The only thing I can think of is that the following code sets
$_GET['imagetype'], allthough it didn't previsously exist.

if(get_magic_quotes_gpc()){
$_GET['imagetype'] = stripslashes($_GET['imagetype']);
}

Try echoing your query, is should be "SELECT * FROM mydatabase" and nothing
more.
Else try:

$where = (isset($_GET['imagetype'])&&$_GET['imagetype']!='') ? "WHERE
imagetype = '".$imagetype."'":'';

Grtz,
--
Rik Wasmus

"Rik" <lu************@hotmail.com> wrote in message
news:e3**********@netlx020.civ.utwente.nl...

The only thing I can think of is that the following code sets
$_GET['imagetype'], allthough it didn't previsously exist.

if(get_magic_quotes_gpc()){
$_GET['imagetype'] = stripslashes($_GET['imagetype']);
}

Try echoing your query, is should be "SELECT * FROM mydatabase" and
nothing
more.
Else try:

$where = (isset($_GET['imagetype'])&&$_GET['imagetype']!='') ? "WHERE
imagetype = '".$imagetype."'":'';

Grtz,
--
Rik Wasmus

Hi Rik,

I replaced the existing $where line with the one above as per your
suggestion, and this now works perfectly! :-)

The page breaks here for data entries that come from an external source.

(* Let $n$ be a positive integer and let $A(n)=(a_{ij})$, $p=p(n)$, $pp=pp(n)$, $b(n)$, $l_{max}$ be as in the context. Let $m\ge 1$ be an integer such that $\overline{p}=pm$ satisfies $\lfloor \overline{p}/2\rfloor> b(n)$ and $\overline{p}\ge 2\,l_{max}$, put $r=\lfloor\overline{p}/2\rfloor$, let $v$ be an integer with $v\ge pp+\overline{p}$, and let $B=(b_{ij})_{1\le i,j\le\overline{p}}$ be the $\overline{p}\times\overline{p}$ matrix with $b_{ij}=a_{v+i,v+j}$ if $i-r\le j\le i+r$; $b_{ij}=a_{v+i,v+j-\overline{p}}$ if $j>i+r$; $b_{ij}=a_{v+i,v+j+\overline{p}}$ if $j<i-r$. Consider the incidence structure whose points are the columns of $B$ and whose lines are the rows of $B$, where column $i$ is incident with row $j$ iff $b_{ji}=1$. Then any two distinct lines are incident with at most one common point; equivalently, there are no indices $1\le i<j\le\overline{p}$, $1\le k<l\le\overline{p}$ with $b_{ik}=b_{il}=b_{jk}=b_{jl}=1$.
   Context: $\mathbb{N}=\{1,2,3,\dots\}$. Fix a positive integer $n$. The infinite $\{0,1\}$-matrix $A(n)=(a_{ij})_{i,j\in\mathbb{N}}$ is defined recursively. Its entries are determined row by row (row $1$ first), and within each row from left to right, so that $a_{kl}$ is determined after all $a_{ij}$ with $i<k$ and all $a_{kj}$ with $j<l$. One sets $a_{kl}=1$ if and only if all of the following hold: (1) $\sum_{j<l}a_{kj}<n+1$; (2) $\sum_{i<k}a_{il}<n+1$; (3) there is no pair $(i,j)$ with $1\le i<k$, $1\le j<l$ and $a_{ij}=a_{il}=a_{kj}=1$. Otherwise $a_{kl}=0$. The matrix $A(n)$ is eventually periodic along the diagonal: there exist $c\ge0$, $q\ge1$ with $a_{i+q,j+q}=a_{ij}$ for all $i>c$, $j\ge1$. The period $p=p(n)$ is the smallest $q\ge1$ for which such a $c$ exists, and the preperiod $pp=pp(n)$ is the smallest $c\ge 0$ with $a_{i+p,j+p}=a_{ij}$ for all $i>c$, $j\ge 1$. Define $b(n)=\max\{|j-i| : i,j\ge1,\ a_{ij}=1,\ i>pp(n)\}$. The length of a row $k$ of $A(n)$ (which contains finitely many and at least one ones) is $l-f+1$, where $f$ and $l$ are the smallest and largest $j$ with $a_{kj}=1$; $l_{max}$ is the maximum length of a row $k$ of $A(n)$ with $k>pp(n)$. *)

theory Defs
  imports Main
begin

text \<open>Entries of A(n) are represented as booleans (True = 1, False = 0);
rows and columns are indexed by positive naturals (index 0 is unused, always False).\<close>

text \<open>Condition for setting entry (k,l) to 1, given the matrix P of the previous rows
(rows 1..k-1) and the already determined entries cur j (j < l) of row k.\<close>
definition entry_cond :: "nat \<Rightarrow> (nat \<Rightarrow> nat \<Rightarrow> bool) \<Rightarrow> (nat \<Rightarrow> bool) \<Rightarrow> nat \<Rightarrow> nat \<Rightarrow> bool" where
  "entry_cond n P cur k l \<longleftrightarrow>
     card {j. 1 \<le> j \<and> j < l \<and> cur j} < n + 1 \<and>
     card {i. 1 \<le> i \<and> i < k \<and> P i l} < n + 1 \<and>
     \<not> (\<exists>i j. 1 \<le> i \<and> i < k \<and> 1 \<le> j \<and> j < l \<and> P i j \<and> P i l \<and> cur j)"

primrec newrow :: "nat \<Rightarrow> (nat \<Rightarrow> nat \<Rightarrow> bool) \<Rightarrow> nat \<Rightarrow> nat \<Rightarrow> nat \<Rightarrow> bool" where
  "newrow n P k 0 = (\<lambda>j. False)"
| "newrow n P k (Suc l) = (newrow n P k l)(Suc l := entry_cond n P (newrow n P k l) k (Suc l))"

primrec rows_upto :: "nat \<Rightarrow> nat \<Rightarrow> nat \<Rightarrow> nat \<Rightarrow> bool" where
  "rows_upto n 0 = (\<lambda>i j. False)"
| "rows_upto n (Suc k) = (rows_upto n k)(Suc k := (\<lambda>j. newrow n (rows_upto n k) (Suc k) j j))"

definition A :: "nat \<Rightarrow> nat \<Rightarrow> nat \<Rightarrow> bool" where
  "A n i j = rows_upto n i i j"

definition period :: "nat \<Rightarrow> nat" where
  "period n = (LEAST q. q \<ge> 1 \<and> (\<exists>c. \<forall>i>c. \<forall>j\<ge>1. A n (i + q) (j + q) = A n i j))"

definition preperiod :: "nat \<Rightarrow> nat" where
  "preperiod n = (LEAST c. \<forall>i>c. \<forall>j\<ge>1. A n (i + period n) (j + period n) = A n i j)"

definition bnd :: "nat \<Rightarrow> nat" where
  "bnd n = Max {nat \<bar>int j - int i\<bar> | i j. i \<ge> 1 \<and> j \<ge> 1 \<and> A n i j \<and> i > preperiod n}"

definition row_length :: "nat \<Rightarrow> nat \<Rightarrow> nat" where
  "row_length n k = Max {j. j \<ge> 1 \<and> A n k j} - Min {j. j \<ge> 1 \<and> A n k j} + 1"

definition lmax :: "nat \<Rightarrow> nat" where
  "lmax n = Max {row_length n k | k. k > preperiod n}"

definition Bmat :: "nat \<Rightarrow> nat \<Rightarrow> nat \<Rightarrow> nat \<Rightarrow> nat \<Rightarrow> bool" where
  "Bmat n pbar v i j =
     (let r = pbar div 2 in
      if int i - int r \<le> int j \<and> int j \<le> int i + int r then A n (v + i) (v + j)
      else if int j > int i + int r then A n (v + i) (nat (int v + int j - int pbar))
      else A n (v + i) (v + j + pbar))"

end

theory Submission
  imports Defs
begin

Old: $where = (isset($_GET['imagetype'])) ? "WHERE imagetype =
'".$imagetype."'": '';
New: $where = (isset($_GET['imagetype'])&&$_GET['imagetype']!='') ? "WHERE
imagetype = '".$imagetype."'":'';

I wouldn't have a clue why one works and one doesn't (well, they both worked
of course, but 1st one returned only blank fields, and the 2nd one returned
all fields which is what I wanted), but I've got a few books to work through
now so I'll revisit this post in a few months (if I'm lucky!) and let you
know! :-)

Thanks for all your help Rik, it's appreciated.

Ste

ste wrote:

The only thing I can think of is that the following code sets
$_GET['imagetype'], allthough it didn't previsously exist.

if(get_magic_quotes_gpc()){
$_GET['imagetype'] = stripslashes($_GET['imagetype']);
}

I replaced the existing $where line with the one above as per your
suggestion, and this now works perfectly! :-)
I wouldn't have a clue why one works and one doesn't

Like I said above, $_GET['imagetype'] gets set by the code, even if it
doesn't exist, as an empty string.

Grtz,
--
Rik Wasmus